Even without Galina, this arc would go on my list because 1) of the epic bad-assery that ultimately happens and 2) because of the final moment where Nick Fury tells Frank Castle that the reason he picked Frank out of all the people in the world to go on this mission? He picked Frank Castle because Frank is the last person in the world that would ever harm a child and Fury is, of course, right. Say what you will about Ennis' other work outside MAX Punisher, but you can't argue this: he got Frank Castle on a level that most writers never do. Why anyone at Marvel thought that Frank Castle should appear in any Marvel comic after Ennis' run ended is a mystery eternal.

(There's also an exceptionally skillful display on Ennis' part in this story in how he writes Frank as dealing with a traumatized child; either Ennis did some serious damn research into how you triage an abused child or he's got far more instinctive emotional intelligence than anyone gives him credit for, and he imparts that to Frank Castle with abandon. But that deserves its own separate post, because it's subtle, and I suspect that only people who suffered abuse as children and those who work with them in a therapeutic capacity will pick it out right away. Let's just say that I got it. I got it the moment it appeared on panel.)

And, of course, the final page of The Slavers arc in MAX Punisher.

4. Jim Starlin's The Death of Captain Marvel. I had no idea that comics could be like that. None. It blew my mind when I first read it. When your lifelong mortal enemies show up to pay homage to you as cancer is about to take you into the abyss? When Thanos the Mad Titan himself offers you one final glorious battle so you can go out fighting? You have lived a life worth living, my friend.

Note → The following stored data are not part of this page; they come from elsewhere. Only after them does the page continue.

(* Let $\lambda>0$, $\gamma>0$, and let $\beta_1=\beta_1(\gamma)$ be the unique positive solution of $\frac{\sqrt\pi}{2}\gamma x(1+x)^{1/2}(3+x)=1$. For $b\in[0,\beta_1)$ let $\varphi_b$ denote the unique solution, within the set $K$ of bounded analytic functions $h:[0,\lambda]\to\mathbb{R}$ with $0\le h\le 1$, of \begin{align*} &[(1+b\, y(\eta))y'(\eta)]'+2\eta y'(\eta)=0, \quad 0<\eta<\lambda,\\ &y'(0)+b\, y(0)y'(0)-\gamma y(0)=0,\\ &y(\lambda)=1. \end{align*} Let $0<b<\beta_1$. Then there exists $L>0$ such that for all $b_1,b_2\in[0,b]$, $$\|\varphi_{b_1}-\varphi_{b_2}\|_\infty\le L|b_1-b_2|,$$ where $\|\cdot\|_\infty$ is the supremum norm on $[0,\lambda]$.
   Context: Existence and uniqueness of $\varphi_b$ in $K$ for every $b\in[0,\beta_1)$ is known (it is the unique fixed point of a contraction on $K$). *)

theory Defs
  imports "HOL-Analysis.Analysis"
begin

definition beta1 :: "real \<Rightarrow> real" where
  "beta1 \<gamma> = (THE x. x > 0 \<and> sqrt pi / 2 * \<gamma> * x * sqrt (1 + x) * (3 + x) = 1)"

definition real_analytic_on :: "(real \<Rightarrow> real) \<Rightarrow> real set \<Rightarrow> bool" where
  "real_analytic_on h S \<longleftrightarrow>
     (\<forall>x\<in>S. \<exists>r>0. \<exists>a::nat \<Rightarrow> real. \<forall>y\<in>S. \<bar>y - x\<bar> < r \<longrightarrow> (\<lambda>n. a n * (y - x) ^ n) sums h y)"

definition Kset :: "real \<Rightarrow> (real \<Rightarrow> real) set" where
  "Kset lam = {h. real_analytic_on h {0..lam} \<and> bounded (h ` {0..lam})
                 \<and> (\<forall>x\<in>{0..lam}. 0 \<le> h x \<and> h x \<le> 1)}"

Mar-Vell's final words to Elysius. They still get to me, and it's been almost twenty years.

5. The end to Peter David's Captain Marvel series when Genis makes the ultimate sacrifice. That was hands down the most heroic thing that I have ever, ever seen a character in a comic book do, and nothing will ever come close to it. Genis' hand closing over his baby son's mouth - my god. In total, though, to be fair, Peter David's run on Captain Marvel had numerous moments of true pathos, particularly during Genis' crazy phase where he was so damaged, so out of control, and desperately alone.

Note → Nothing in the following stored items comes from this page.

lemma contains_ordered_left_star:
  assumes "contains_ordered n E H" and "ordered_graph n E"
  shows "\<exists>w U. card U = left_deg E v \<and> (\<forall>x\<in>U. (x,w) \<in> H)"
proof -
  obtain f where inj: "inj_on f {1..n}" and edges: "\<And>i j. (i,j) \<in> E \<Longrightarrow> (f i, f j) \<in> H"
    using contains_ordered_embedding[OF assms(1)] by blast
  have "{u. (u,v) \<in> E} \<subseteq> {1..n}"
    using assms(2) unfolding ordered_graph_def by auto
  then have "card (f ` {u. (u,v) \<in> E}) = left_deg E v"
    unfolding left_deg_def using inj by (metis card_image inj_on_subset)
  then show ?thesis using edges by blast
qed

lemma contains_ordered_right_star:
  assumes "contains_ordered n E H" and "ordered_graph n E"
  shows "\<exists>u W. card W = right_deg E v \<and> (\<forall>w\<in>W. (u,w) \<in> H)"
proof -
  obtain f where inj: "inj_on f {1..n}" and edges: "\<And>i j. (i,j) \<in> E \<Longrightarrow> (f i, f j) \<in> H"
    using contains_ordered_embedding[OF assms(1)] by blast
  have "{w. (v,w) \<in> E} \<subseteq> {1..n}"
    using assms(2) unfolding ordered_graph_def by auto
  then have "card (f ` {w. (v,w) \<in> E}) = right_deg E v"
    unfolding right_deg_def using inj by (metis card_image inj_on_subset)
  then show ?thesis using edges by blast
qed

lemma finite_column:
  assumes "finite S"
  shows "finite {x. (x,w) \<in> S}"
  using finite_vimageI[OF assms, of "\<lambda>x. (x,w)"] by (simp add: vimage_def inj_on_def)

lemma mult_card_le_card_by_columns:
  fixes S :: "('a \<times> 'b) set"
  assumes "finite S" and column: "\<And>w. w \<in> W \<Longrightarrow> a \<le> card {x. (x,w) \<in> S}"
  shows "a * card W \<le> card S"
proof (cases "finite W")
  case False
  then show ?thesis by simp
next
  case True
  let ?col = "\<lambda>w. {x. (x,w) \<in> S}"
  have "a * card W = (\<Sum>w\<in>W. a)" by simp
  also have "\<dots> \<le> (\<Sum>w\<in>W. card (?col w))" using column by (rule sum_mono)
  also have "\<dots> = card (Sigma W ?col)" using True finite_column[OF assms(1)] by (simp add: card_SigmaI)
  also have "\<dots> = card ((\<lambda>(w,x). (x,w)) ` Sigma W ?col)"
    by (rule card_image[symmetric]) (auto simp: inj_on_def)
  also have "\<dots> \<le> card S" by (rule card_mono[OF assms(1)]) auto
  finally show ?thesis .
qed

definition red_left :: "position \<Rightarrow> nat \<Rightarrow> nat set" where
  "red_left C w = {x. C (x,w) = Some Red}"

6. Uncanny X-Men #137 and #138. Jean's death. Her last words to Scott.

7. Greg Rucka's entire run on the Elektra book, where Elektra is pushed and pushed and pushed beyond the limits of human endurance, hating what she sees in the mirror, utterly without her center. It was, overall, a devastatingly sad read. The issue where she meets Matt Murdock at her own grave? Left me staring at the wall in silence for a couple of hours afterwards.

8. Rex Tyler's fate in JSA. His last words before disappearing...I turn to those pages every few months and read that sequence to remind me of what heroism is.

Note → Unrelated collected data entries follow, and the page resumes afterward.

(* There exist two populations $P$ and $P'$ with the same users, intervals, speech points, disutilities $b_i$ and initial adopters $\mathcal S_0$, differing only in personalization parameters with $\lambda_i>\lambda_i'$ for all $i\in[n]$ (where $\lambda_i$ belongs to $P$ and $\lambda_i'$ to $P'$), such that $$s(P,I^* )>s(P',I^{*\prime}),$$ where $I^*$ and $I^{*\prime}$ are moderation windows maximizing $s(P,\cdot)$ and $s(P',\cdot)$ respectively. Moreover, for every $b>0$ and $\lambda\in(0,1]$ such a pair can be constructed with $b_1=\dots=b_n=b$, $\lambda_1=\dots=\lambda_n=\lambda$, and $\lambda_1'=\dots=\lambda_n'=\lambda'$ for some appropriately chosen $\lambda'$.
   Context: A population consists of users $1,\dots,n$ and a set $\mathcal S_0$ of initial adopters; user $i$ has a closed interval $[l_i,r_i]$, speech point $p_i\in[l_i,r_i]$, disutility $b_i\ge0$ and personalization parameter $\lambda_i\in[0,1]$. For $\mathcal S\subseteq[n]$, user $i$'s utility is $u_i(\mathcal S)=\sum_{j\in\mathcal S\setminus\{i\}}\big(\mathbf 1[p_j\in[l_i,r_i]]-\lambda_ib_i\mathbf 1[p_j\notin[l_i,r_i]]\big)$. A moderation window is a closed interval $I$; users with $p_i\notin I$ are banned and never on the platform. The platform starts with the non-banned initial adopters; a starvation-free switching order $\sigma:\mathbb Z_{>0}\to[n]$ lists each user infinitely often, and at time $t$ the non-banned user $\sigma(t)$ is on the platform after step $t$ iff $u_{\sigma(t)}(\mathcal W)\ge0$ where $\mathcal W$ is the current set of users on the platform; others are unchanged. With $\mathcal W(P,I,\sigma,t)$ the set after step $t$, $s(P,I)=\min_\sigma\liminf_{t\to\infty}|\mathcal W(P,I,\sigma,t)|$ over starvation-free $\sigma$. *)

theory Defs
  imports Main "HOL-Library.Extended_Nat" "HOL-Library.Liminf_Limsup"
begin

text \<open>Users are indexed 0, ..., n-1 (the paper's users 1..n).\<close>

record pop =
  nusers :: nat
  lo :: "nat \<Rightarrow> real"
  hi :: "nat \<Rightarrow> real"
  pt :: "nat \<Rightarrow> real"
  dis :: "nat \<Rightarrow> real"
  lam :: "nat \<Rightarrow> real"
  init :: "nat set"

definition valid_pop :: "pop \<Rightarrow> bool" where
  "valid_pop P \<longleftrightarrow> nusers P \<ge> 1 \<and> init P \<subseteq> {..<nusers P} \<and>
     (\<forall>i<nusers P. lo P i \<le> pt P i \<and> pt P i \<le> hi P i \<and> dis P i \<ge> 0
        \<and> 0 \<le> lam P i \<and> lam P i \<le> 1)"

definition util :: "pop \<Rightarrow> nat \<Rightarrow> nat set \<Rightarrow> real" where
  "util P i S = (\<Sum>j\<in>S - {i}. (if pt P j \<in> {lo P i..hi P i} then 1 else 0)
                   - lam P i * dis P i * (if pt P j \<notin> {lo P i..hi P i} then 1 else 0))"

definition windows :: "(real \<times> real) set" where
  "windows = {(a, c). a \<le> c}"

definition win :: "real \<times> real \<Rightarrow> real set" where
  "win I = {fst I..snd I}"

text \<open>Dynamics: state after step t; step t (t \<ge> 1) is performed by user sigma t.\<close>
fun dyn :: "pop \<Rightarrow> real \<times> real \<Rightarrow> (nat \<Rightarrow> nat) \<Rightarrow> nat \<Rightarrow> nat set" where
  "dyn P I \<sigma> 0 = {i \<in> init P. pt P i \<in> win I}"
| "dyn P I \<sigma> (Suc t) =
     (let i = \<sigma> (Suc t); W = dyn P I \<sigma> t in
      if pt P i \<notin> win I then W
      else if util P i W \<ge> 0 then insert i W else W - {i})"

definition starvation_free :: "pop \<Rightarrow> (nat \<Rightarrow> nat) \<Rightarrow> bool" where
  "starvation_free P \<sigma> \<longleftrightarrow> (\<forall>t>0. \<sigma> t < nusers P) \<and>
     (\<forall>i<nusers P. infinite {t. t > 0 \<and> \<sigma> t = i})"

definition sval :: "pop \<Rightarrow> real \<times> real \<Rightarrow> enat" where
  "sval P I = Inf {Liminf sequentially (\<lambda>t. enat (card (dyn P I \<sigma> t))) | \<sigma>.
                   starvation_free P \<sigma>}"

definition optimal_window :: "pop \<Rightarrow> real \<times> real \<Rightarrow> bool" where
  "optimal_window P I \<longleftrightarrow> I \<in> windows \<and> (\<forall>J\<in>windows. sval P J \<le> sval P I)"

definition prop6_pair :: "pop \<Rightarrow> pop \<Rightarrow> bool" where
  "prop6_pair P P' \<longleftrightarrow> valid_pop P \<and> valid_pop P' \<and> P' = P\<lparr>lam := lam P'\<rparr> \<and>
     (\<forall>i<nusers P. lam P i > lam P' i) \<and>
     (\<exists>I. optimal_window P I) \<and> (\<exists>I'. optimal_window P' I') \<and>
     (\<forall>I I'. optimal_window P I \<longrightarrow> optimal_window P' I' \<longrightarrow> sval P I > sval P' I')"

end

theory Submission
  imports Defs
begin

text \<open>
  Fix \<open>d\<close> and split the users into an upper group of \<open>d\<^sup>2\<close> users at point 2
  with interval \<open>[2,3]\<close>, a pivot at point 3, \<open>d\<close> seeds at point 1, and a lower
  group of \<open>d\<^sup>2 + 1\<close> users at point 0 with interval \<open>[0,1]\<close>; the pivot and
  the seeds are the initial adopters and tolerate all of \<open>[0,3]\<close>. Write
  \<open>r = \<lambda>b\<close>, take \<open>d \<ge> r\<close> with \<open>r d > 1\<close>, and put
  \<open>\<lambda>' = 1/(b d) < \<lambda>\<close>, so that \<open>r' d = 1\<close>.

  Under \<open>\<lambda>\<close> an upper user always faces the \<open>d\<close> seeds as strangers and at most
  the pivot as a friend, so it never joins; a lower user then sees only the pivot as a
  stranger, joins as soon as it moves and stays. Under the window \<open>[0,3]\<close> every
  order thus ends with at least \<open>d\<^sup>2 + d + 2\<close> users.

  Under \<open>\<lambda>'\<close> an upper user facing the pivot and the seeds is exactly indifferent,
  so with the window \<open>[0,3]\<close> a round-robin order lets the whole upper group join
  first; afterwards a lower user sees \<open>d\<^sup>2 + 1\<close> strangers against \<open>d\<close> friends
  and never joins. Every other window bans the lower group, or bans the pivot so that the
  upper group again stays away. Hence \<open>s(P',I) \<le> d\<^sup>2 + d + 1\<close> for every window.
\<close>

section \<open>Dynamics of a population\<close>

definition switch :: "pop \<Rightarrow> real \<times> real \<Rightarrow> nat \<Rightarrow> nat set \<Rightarrow> nat set" where
  "switch P I i W = (if pt P i \<notin> win I then W
      else if util P i W \<ge> 0 then insert i W else W - {i})"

9. The Pride of Baghdad. Period.

10. Paul Cornell has gotten me twice in the last three years: the first is the final two panels of the MAX Wisdom miniseries when you realize that Pete is calling Kitty on the phone. So spot on, so sad, so inevitable. The second was in the recent Captain Britain annual when Meggan spends an eternity traveling through hell, and when she leaves her mark on the inferno, that mark is hope.

11. Grant Morrison's All-Star Superman. So many wonderful moments.

12. Green Lantern: Rebirth. Hal getting up from his dais: "Get the hell away from them." I SCREAMED IN GLEE.

13. Hawkman vol. 4, #49. Carter telling Kendra that he'll always love her as they hold hands and fly hell for leather straight into the end of the universe.

14. Avengers vol. 3, #76. The death of Jack of Hearts. That issue, even with its plot weaknesses, has four final pages that surpass brilliancy. "It's been a fun game, but I'm tired, too." Poor Jack. Poor, poor Jack.

15. The Authority #12: The Death of Jenny Sparks. Jesus, was that a perfect death. No speeches. No grandstanding. No exposition. She did what needed to be done, she knew it would kill her and she did it anyway, and she died killing God.

Your choices, flist?

In other news?

Seth Rogen to play Captain America.

This HAS TO BE A HOAX. My mind will NOT allow any other possibility.